# Air brush package??



## fishintechnician (Jul 20, 2007)

Hello all I'm fairly new to this part of the site, but I'd like some input. I have been tying my owner crawler harnesses for a few years and have had good luck with them. I usually use blades that are prepainted. But would like to try painting my own this winter as a side project. I think I can get some styles that I can't buy and hopefully it will up my catch rates some. I have all the raw materials, but what I need is so e suggestions for a complete airbrush kit.

I'd like one that comes with a gun, compressor filter and regualtor. Pretty much the whole kit in one. Gravity feed versus suction?

Also what paint and supplier should I use and do you need hardener and thinner? I have started reading the airbrush sticky on this page but didn't want to high jack it with specific posts. I don't plan on buying anything until after Christmas or maybe as a Christmas present so I have time to do research just would like input from some of you guys that do it and have experience. Thanks guys.


----------



## goolies (Jun 28, 2007)

I would recommend a gravity feed dual action airbrush. I use the Iwata Eclipse HP-CS. The Eclipse is about $140. I have heard good things about the Iwata Neo. The Neo can be purchased for about $60. Both of these airbrushes are gravity feed dual action and have a .35 mm tip size which IMO is the ideal size for painting blades and crank baits. Chicagoairbrushsupply.com is a good site. They have starter kits that include airbrush, compressor, and filter/regulator. I use Createx acrylic paints. I prefer acrylic because it can be thinned with water and my airbrush can be cleaned with water. I hope this helps. I'm sure others will offer their opinions as well. Good luck.


----------



## fishintechnician (Jul 20, 2007)

I was looking last night and found the Iwata eclipse package with compressor and everything, also thought about picking up a second eclipse brush for .5mm. Think that would be needed? I know I will need a regulator and filter. Anything else I need or should get to make life easier?

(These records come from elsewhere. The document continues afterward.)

lemma ball_1_in_finite_rooted_graphs:
  assumes "rooted_in_G x"
  shows "ball x 1 \<in> finite_rooted_graphs"
proof -
  obtain g r where x: "x = (g, r)" and g: "in_G g" and r: "r \<in> verts g"
    using assms by (cases x) (auto simp: rooted_in_G_def)
  define B where "B = verts (fst (ball x 1))"
  have "B \<subseteq> insert r {y. {r, y} \<in> edges g}"
  proof
    fix y assume "y \<in> B"
    then obtain n where "n \<le> 1" "reach g n r y" by (auto simp: B_def x verts_ball)
    then show "y \<in> insert r {y. {r, y} \<in> edges g}"
      using reach_0_eq[of g r y] reach_1_edge[of g r y] by (cases n) auto
  qed
  moreover have "finite {y. {r, y} \<in> edges g}" using g r by (simp add: in_G_def)
  ultimately have B: "finite B" by (simp add: finite_subset)
  have E: "edges (fst (ball x 1)) = {e \<in> edges g. e \<subseteq> B}"
    using edges_ball[of x 1] by (simp add: x B_def)
  have edge: "\<exists>a c. a \<noteq> c \<and> a \<in> B \<and> c \<in> B \<and> e = {a, c}" if "e \<in> edges (fst (ball x 1))" for e
  proof -
    have e: "e \<in> edges g" "e \<subseteq> B" using that unfolding E by blast+
    obtain a c where "a \<noteq> c" "e = {a, c}" using g e(1) unfolding in_G_def by blast
    then show ?thesis using e(2) by auto
  qed
  have "{c. {a, c} \<in> edges (fst (ball x 1))} \<subseteq> B" for a
    unfolding E by blast
  then have fin: "finite {c. {a, c} \<in> edges (fst (ball x 1))}" for a
    using B by (rule finite_subset)
  have "in_G (fst (ball x 1))"
    unfolding in_G_def B_def[symmetric] by (intro conjI ballI edge fin)
  moreover have "snd (ball x 1) \<in> B"
    unfolding B_def snd_ball x verts_ball using reach_refl[OF r] by auto
  moreover have "edges (fst (ball x 1)) \<subseteq> Pow B" unfolding E by blast
  ultimately show ?thesis
    using B by (simp add: finite_rooted_graphs_def rooted_in_G_def B_def)
qed

lemma rg_iso_refl: "rg_iso h h"
  by (simp add: rg_iso_def)
(* Let $t \in [n]$. The set of prime ideals of $R$ minimal over $\mathcal{I}^{\langle t\rangle}$ equals the set of ideals of the form $P^{\langle t\rangle}_S$ as $S$ varies over the maximal $t$-switchable subsets of $N$.
   Context: Fix positive integers $n, r_1,\dots,r_n$, let $N=[r_1]\times\cdots\times[r_n]$ (where $[r]=\{1,\dots,r\}$), and let $R$ be the polynomial ring over a field in the variables $x_a$, $a\in N$. For $L\subseteq[n]$ and $a,b\in N$, the switch ${\rm s}(L,a,b)\in N$ has $i$-th component $b_i$ if $i\in L$ and $a_i$ otherwise; write ${\rm s}(i,a,b)={\rm s}(\{i\},a,b)$. Let $d(a,b)=\#\{i: a_i\neq b_i\}$. Set $f_{i,a,b}=x_ax_b-x_{{\rm s}(i,a,b)}x_{{\rm s}(i,b,a)}$. For $t\in[n]$, $\mathcal{I}^{\langle t\rangle}=(f_{i,a,b}: a,b\in N,\ d(a,b)=2,\ i\in[t])$. A subset $S\subseteq N$ is $t$-switchable if for all $a,b\in S$ with $d(a,b)=2$ and all $i\in[t]$, ${\rm s}(i,a,b)\in S$. Elements $a,b\in S$ are connected in $S$ if there are $a_0=a,a_1,\dots,a_k=b$ in $S$ with $d(a_{j-1},a_j)\le 1$ for all $j$. For a $t$-switchable $S$, set $\tilde{\mathcal{I}}^{\langle t\rangle}_S=(f_{i,a,b}: i\in[t],\ a,b \text{ connected in } S)$, $\mathrm{Var}^{\langle t\rangle}_S=(x_a: a\notin S)$, and $P^{\langle t\rangle}_S=\mathrm{Var}^{\langle t\rangle}_S+\tilde{\mathcal{I}}^{\langle t\rangle}_S$. A $t$-switchable $S$ is maximal $t$-switchable if for every $t$-switchable $T\subseteq N$ properly containing $S$, the ideals $P^{\langle t\rangle}_S$ and $P^{\langle t\rangle}_T$ are incomparable under inclusion. *)

theory Defs
  imports "HOL-Library.Poly_Mapping"
begin

text \<open>Polynomials over a field 'k in variables indexed by nat \<Rightarrow> nat (tuples).
  The ring R is the subring of polynomials only involving variables x_a with a in N.\<close>

type_synonym 'k mpoly = "((nat \<Rightarrow> nat) \<Rightarrow>\<^sub>0 nat) \<Rightarrow>\<^sub>0 'k"

definition Nset :: "nat \<Rightarrow> (nat \<Rightarrow> nat) \<Rightarrow> (nat \<Rightarrow> nat) set" where
  "Nset n r = {a. \<forall>i. (i \<in> {1..n} \<longrightarrow> a i \<in> {1..r i}) \<and> (i \<notin> {1..n} \<longrightarrow> a i = 0)}"

definition Rcar :: "(nat \<Rightarrow> nat) set \<Rightarrow> 'k::field mpoly set" where
  "Rcar N = {p :: 'k mpoly. \<forall>m \<in> Poly_Mapping.keys p. Poly_Mapping.keys m \<subseteq> N}"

I looked at cretex paints can someone give me the run down on the difference between acrilic and enamal? What kind of top coat is recommended? I have a strong feeling I'm going to enjoy this hobby a lot so would like to be somewhat prepared to move into more complex projects when the time comes.

What about mixing paints? Yes or no? Should I just try to buy the colors I want? I am a complete noob at this so every bit of info is greatly appreciated!


----------



## fishingguy (Jan 5, 2006)

I have the Iwata Neo, decent brush for the price. I use a airbrush compressor from harbor freight, two years old, no complaints. I started with the Createx fluorescent colors, with the use of the gravity feed brush, there is no need for thinning. If you mix paints, make sure you stay with the same types. Floro with floro, or opaque with opaque. I mix yellow with a tiny bit of green for chartreuse. After a couple winters of painting blades, I don't need anymore. I have far too many. I just replace my favorites that have gotten flipped off from time to time. I don't expect my blades to last for years. I don't bother with epoxy finish, 3 or 4 coats of clear spray is fine for me. If your gonna start painting cranks, then the epoxy and a wheel is necessary. I use Envirotex.


----------



## fishintechnician (Jul 20, 2007)

Fishin guy what kind of clear do you use?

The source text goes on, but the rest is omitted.